EXERCISE PROMPT –
Set down the material exactly, keeping every line whole.

----- DATA UNDER STUDY -----

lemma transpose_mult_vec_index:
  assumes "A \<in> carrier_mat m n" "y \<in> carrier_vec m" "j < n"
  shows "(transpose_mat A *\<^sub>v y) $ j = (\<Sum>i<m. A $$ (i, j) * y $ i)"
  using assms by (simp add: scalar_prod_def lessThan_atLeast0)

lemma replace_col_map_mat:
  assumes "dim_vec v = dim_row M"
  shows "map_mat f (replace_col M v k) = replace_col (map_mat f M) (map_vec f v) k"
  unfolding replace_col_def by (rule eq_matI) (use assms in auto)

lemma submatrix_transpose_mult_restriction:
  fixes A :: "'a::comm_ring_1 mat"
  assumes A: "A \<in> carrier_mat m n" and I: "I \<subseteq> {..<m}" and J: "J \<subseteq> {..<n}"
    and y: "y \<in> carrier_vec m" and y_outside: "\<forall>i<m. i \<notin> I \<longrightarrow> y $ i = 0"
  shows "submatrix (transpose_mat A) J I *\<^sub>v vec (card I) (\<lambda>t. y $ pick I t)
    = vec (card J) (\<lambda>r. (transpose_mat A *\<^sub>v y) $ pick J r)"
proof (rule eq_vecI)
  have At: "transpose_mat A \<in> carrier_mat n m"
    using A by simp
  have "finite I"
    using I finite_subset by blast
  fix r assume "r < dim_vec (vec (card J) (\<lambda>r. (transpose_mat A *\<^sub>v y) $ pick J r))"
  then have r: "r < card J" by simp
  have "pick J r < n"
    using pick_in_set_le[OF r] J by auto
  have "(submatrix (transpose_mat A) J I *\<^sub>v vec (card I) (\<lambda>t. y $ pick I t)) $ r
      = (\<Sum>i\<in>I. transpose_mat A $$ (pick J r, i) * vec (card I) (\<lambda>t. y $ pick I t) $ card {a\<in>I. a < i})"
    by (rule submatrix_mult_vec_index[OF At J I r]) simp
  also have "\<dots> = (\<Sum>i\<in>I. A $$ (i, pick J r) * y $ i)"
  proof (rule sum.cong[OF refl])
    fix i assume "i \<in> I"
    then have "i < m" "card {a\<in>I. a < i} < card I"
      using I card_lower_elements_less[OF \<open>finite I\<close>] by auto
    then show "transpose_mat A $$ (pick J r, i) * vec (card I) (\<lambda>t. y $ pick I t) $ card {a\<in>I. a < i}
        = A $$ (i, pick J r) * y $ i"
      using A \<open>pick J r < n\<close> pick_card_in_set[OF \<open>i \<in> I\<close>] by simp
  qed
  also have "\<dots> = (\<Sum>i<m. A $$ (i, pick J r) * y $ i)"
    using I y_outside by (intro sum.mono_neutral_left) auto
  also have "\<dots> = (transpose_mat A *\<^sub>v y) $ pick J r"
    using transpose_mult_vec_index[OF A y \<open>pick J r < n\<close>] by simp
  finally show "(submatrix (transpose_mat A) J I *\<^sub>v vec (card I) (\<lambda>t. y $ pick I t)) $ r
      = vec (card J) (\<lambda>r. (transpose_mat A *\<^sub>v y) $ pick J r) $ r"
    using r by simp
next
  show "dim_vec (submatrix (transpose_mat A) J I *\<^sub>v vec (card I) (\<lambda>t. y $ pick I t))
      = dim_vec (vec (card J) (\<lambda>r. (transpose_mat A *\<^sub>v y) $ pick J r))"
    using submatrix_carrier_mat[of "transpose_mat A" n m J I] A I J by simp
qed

-----

EXERCISE SOLUTION –
lemma transpose_mult_vec_index:
  assumes "A \<in> carrier_mat m n" "y \<in> carrier_vec m" "j < n"
  shows "(transpose_mat A *\<^sub>v y) $ j = (\<Sum>i<m. A $$ (i, j) * y $ i)"
  using assms by (simp add: scalar_prod_def lessThan_atLeast0)

lemma replace_col_map_mat:
  assumes "dim_vec v = dim_row M"
  shows "map_mat f (replace_col M v k) = replace_col (map_mat f M) (map_vec f v) k"
  unfolding replace_col_def by (rule eq_matI) (use assms in auto)

lemma submatrix_transpose_mult_restriction:
  fixes A :: "'a::comm_ring_1 mat"
  assumes A: "A \<in> carrier_mat m n" and I: "I \<subseteq> {..<m}" and J: "J \<subseteq> {..<n}"
    and y: "y \<in> carrier_vec m" and y_outside: "\<forall>i<m. i \<notin> I \<longrightarrow> y $ i = 0"
  shows "submatrix (transpose_mat A) J I *\<^sub>v vec (card I) (\<lambda>t. y $ pick I t)
    = vec (card J) (\<lambda>r. (transpose_mat A *\<^sub>v y) $ pick J r)"
proof (rule eq_vecI)
  have At: "transpose_mat A \<in> carrier_mat n m"
    using A by simp
  have "finite I"
    using I finite_subset by blast
  fix r assume "r < dim_vec (vec (card J) (\<lambda>r. (transpose_mat A *\<^sub>v y) $ pick J r))"
  then have r: "r < card J" by simp
  have "pick J r < n"
    using pick_in_set_le[OF r] J by auto
  have "(submatrix (transpose_mat A) J I *\<^sub>v vec (card I) (\<lambda>t. y $ pick I t)) $ r
      = (\<Sum>i\<in>I. transpose_mat A $$ (pick J r, i) * vec (card I) (\<lambda>t. y $ pick I t) $ card {a\<in>I. a < i})"
    by (rule submatrix_mult_vec_index[OF At J I r]) simp
  also have "\<dots> = (\<Sum>i\<in>I. A $$ (i, pick J r) * y $ i)"
  proof (rule sum.cong[OF refl])
    fix i assume "i \<in> I"
    then have "i < m" "card {a\<in>I. a < i} < card I"
      using I card_lower_elements_less[OF \<open>finite I\<close>] by auto
    then show "transpose_mat A $$ (pick J r, i) * vec (card I) (\<lambda>t. y $ pick I t) $ card {a\<in>I. a < i}
        = A $$ (i, pick J r) * y $ i"
      using A \<open>pick J r < n\<close> pick_card_in_set[OF \<open>i \<in> I\<close>] by simp
  qed
  also have "\<dots> = (\<Sum>i<m. A $$ (i, pick J r) * y $ i)"
    using I y_outside by (intro sum.mono_neutral_left) auto
  also have "\<dots> = (transpose_mat A *\<^sub>v y) $ pick J r"
    using transpose_mult_vec_index[OF A y \<open>pick J r < n\<close>] by simp
  finally show "(submatrix (transpose_mat A) J I *\<^sub>v vec (card I) (\<lambda>t. y $ pick I t)) $ r
      = vec (card J) (\<lambda>r. (transpose_mat A *\<^sub>v y) $ pick J r) $ r"
    using r by simp
next
  show "dim_vec (submatrix (transpose_mat A) J I *\<^sub>v vec (card I) (\<lambda>t. y $ pick I t))
      = dim_vec (vec (card J) (\<lambda>r. (transpose_mat A *\<^sub>v y) $ pick J r))"
    using submatrix_carrier_mat[of "transpose_mat A" n m J I] A I J by simp
qed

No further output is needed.